Strive to enter through the narrow gate, for many, I tell you, will attempt to enter but will not be strong enough.  Luke 13:24

One of the livelier discussions I still recall from my seminary days, long ago, was whether or not Judas was damned.  One of our professors had made the quite accurate statement in class one day that the Church had never stated that any human person was surely in Hell, not even Judas. He argued that the Church, which can and does make such infallible judgments that certain persons are in Heaven, the canonization of saints, had no similar mandate or power granted to her for making such an infallible judgment about anyone being damned in Hell.

While all this may be true, our discussion on Judas did not hinge on the Church’s infallible power of judgment, but on the words of Christ in scripture, where Jesus says that it would have been better had the one who was about to betray him had never been born and on the fact that Judas is clearly designated by Jesus as the Son of perdition in John 17:12.  Many saints have understood these words as a fearsome judgment on Judas even if the Church herself has never spoken definitively on the matter.

As Christians, we certainly must have the mind and heart of Jesus, and since He died for all of mankind, including Judas, and Hitler, and Stalin, and Mao, and every other evil genius in history, surely we must leave open the possibility that somehow these men repented of their evil before their judgment by God. Moreover, since Jesus loved all human persons without exception enough to die for salvation of each and every one, then surely, if we would be Christians, we must, like Jesus, have the Charity to desire their salvation, which means to desire that they may have repented before death, no matter how unlikely that might seem to us.

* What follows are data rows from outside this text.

(* Let $J=\{j_1<\dots<j_k\}\subseteq[n]$ with complement $[n]\setminus J=\{h_1<\dots<h_{n-k}\}$, and let $\psi:\mathbb{R}^n\to\mathbb{R}^n$ be the coordinate permutation $\psi(x_1,\dots,x_n)=(x_{h_1},\dots,x_{h_{n-k}},x_{j_1},\dots,x_{j_k})$. Then $\psi$ maps the bridge polytope $\mathrm{Br}_J$ isomorphically onto the Bruhat interval polytope $\mathsf{Q}_{e,\pi(J)^{-1}}$. More precisely, $\psi$ sends the vertex $(z(1),\dots,z(n))$, $z\in S_J$, to the point of the permutation $z\circ\pi(J)^{-1}$, and $z\mapsto z\circ\pi(J)^{-1}$ is a bijection from $S_J$ onto the strong Bruhat interval $[e,\pi(J)^{-1}]=\{w\in S_n: e\le w\le \pi(J)^{-1}\}$; in particular the vertices $\pi(J)$ and $e$ of $\mathrm{Br}_J$ go to $e$ and $\pi(J)^{-1}$ respectively.
   Context: For $J\subseteq[n]$, $S_J=\{\pi\in S_n:\ \pi(j)\ge j \text{ for } j\in J,\ \pi(j)\le j \text{ for } j\notin J\}$ and $\mathrm{Br}_J=\operatorname{conv}\{(\pi(1),\dots,\pi(n)):\pi\in S_J\}\subset\mathbb{R}^n$. For $J=\{j_1<\dots<j_k\}$ with complement $\{h_1<\dots<h_{n-k}\}$, $\pi(J)\in S_n$ is the permutation with $\pi(J)(h_i)=i$ for $1\le i\le n-k$ and $\pi(J)(j_i)=n-k+i$ for $1\le i\le k$; thus $\pi(J)^{-1}=(h_1,\dots,h_{n-k},j_1,\dots,j_k)$ in one-line notation. For $u\le v$ in the strong Bruhat order on $S_n$, the Bruhat interval polytope is $\mathsf{Q}_{u,v}=\operatorname{conv}\{(z(1),\dots,z(n)): z\in S_n,\ u\le z\le v\}$, where $\le$ is the strong Bruhat order. *)

theory Defs
  imports "HOL-Analysis.Analysis"
begin

text \<open>Permutations of [n] = {1..n} are functions nat => nat permuting {1..n}
  (fixing everything outside). Points of R^n are functions nat => real,
  with coordinates indexed by 1..n and value 0 outside.\<close>

definition Sn :: "nat \<Rightarrow> (nat \<Rightarrow> nat) set" where
  "Sn n = {p. p permutes {1..n}}"

definition SJ :: "nat \<Rightarrow> nat set \<Rightarrow> (nat \<Rightarrow> nat) set" where
  "SJ n J = {p \<in> Sn n. (\<forall>j\<in>J. p j \<ge> j) \<and> (\<forall>j\<in>{1..n} - J. p j \<le> j)}"

definition pt :: "nat \<Rightarrow> (nat \<Rightarrow> nat) \<Rightarrow> (nat \<Rightarrow> real)" where
  "pt n z = (\<lambda>i. if i \<in> {1..n} then real (z i) else 0)"

definition convR :: "(nat \<Rightarrow> real) set \<Rightarrow> (nat \<Rightarrow> real) set" where
  "convR S = {x. \<exists>F u. finite F \<and> F \<subseteq> S \<and> F \<noteq> {} \<and> (\<forall>y\<in>F. u y \<ge> 0) \<and>
      sum u F = 1 \<and> x = (\<lambda>i. \<Sum>y\<in>F. u y * y i)}"

definition Br :: "nat \<Rightarrow> nat set \<Rightarrow> (nat \<Rightarrow> real) set" where
  "Br n J = convR (pt n ` SJ n J)"

text \<open>pi(J): pi(J)(h_i) = i, pi(J)(j_i) = n - k + i.\<close>
definition piJ :: "nat \<Rightarrow> nat set \<Rightarrow> nat \<Rightarrow> nat" where
  "piJ n J x = (if x \<in> {1..n} - J then card {y \<in> {1..n} - J. y \<le> x}
               else if x \<in> J then n - card J + card {y \<in> J. y \<le> x}
               else x)"

inductive bruhat_le :: "nat \<Rightarrow> (nat \<Rightarrow> nat) \<Rightarrow> (nat \<Rightarrow> nat) \<Rightarrow> bool" for n where
  refl: "u \<in> Sn n \<Longrightarrow> bruhat_le n u u"
| step: "bruhat_le n u v \<Longrightarrow> i \<in> {1..n} \<Longrightarrow> j \<in> {1..n} \<Longrightarrow> i < j \<Longrightarrow> v i < v j
          \<Longrightarrow> bruhat_le n u (v(i := v j, j := v i))"

definition Q :: "nat \<Rightarrow> (nat \<Rightarrow> nat) \<Rightarrow> (nat \<Rightarrow> nat) \<Rightarrow> (nat \<Rightarrow> real) set" where
  "Q n u v = convR (pt n ` {z \<in> Sn n. bruhat_le n u z \<and> bruhat_le n z v})"

definition psi :: "nat \<Rightarrow> nat set \<Rightarrow> (nat \<Rightarrow> real) \<Rightarrow> (nat \<Rightarrow> real)" where
  "psi n J x = (let L = sorted_list_of_set ({1..n} - J) @ sorted_list_of_set J
                in (\<lambda>i. if i \<in> {1..n} then x (L ! (i - 1)) else 0))"

end

theory Submission
  imports Defs
begin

However, while all this is true, it is quite another thing to assert as some do today  that even Judas was saved  because the love and mercy of God will not allow anyone, no matter how evil their lives, to be eternally lost, that in the end all will in fact be saved. That was the erroneous opinion of Origen and some of his followers in the 3rd Century that has been condemned by the Church numerous times. It was a dangerously false opinion then, and it is still dangerously false today. The words of Jesus in today’s Gospel, and in many other places leave us no room for such a misunderstanding of the Christian virtues of faith and hope.  It is one thing to believe that all man can be saved by the grace of the redemption, that Jesus died for the salvation of all mankind, and quite another to jump to the conclusion that all mankind will be saved.  It is one thing to desire the salvation of all, since Jesus died for all, and quite another to suggest or assert that all in fact will be saved, regardless of how they live their lives in this world, and apparently with no desire to repent of their evil while they were dying.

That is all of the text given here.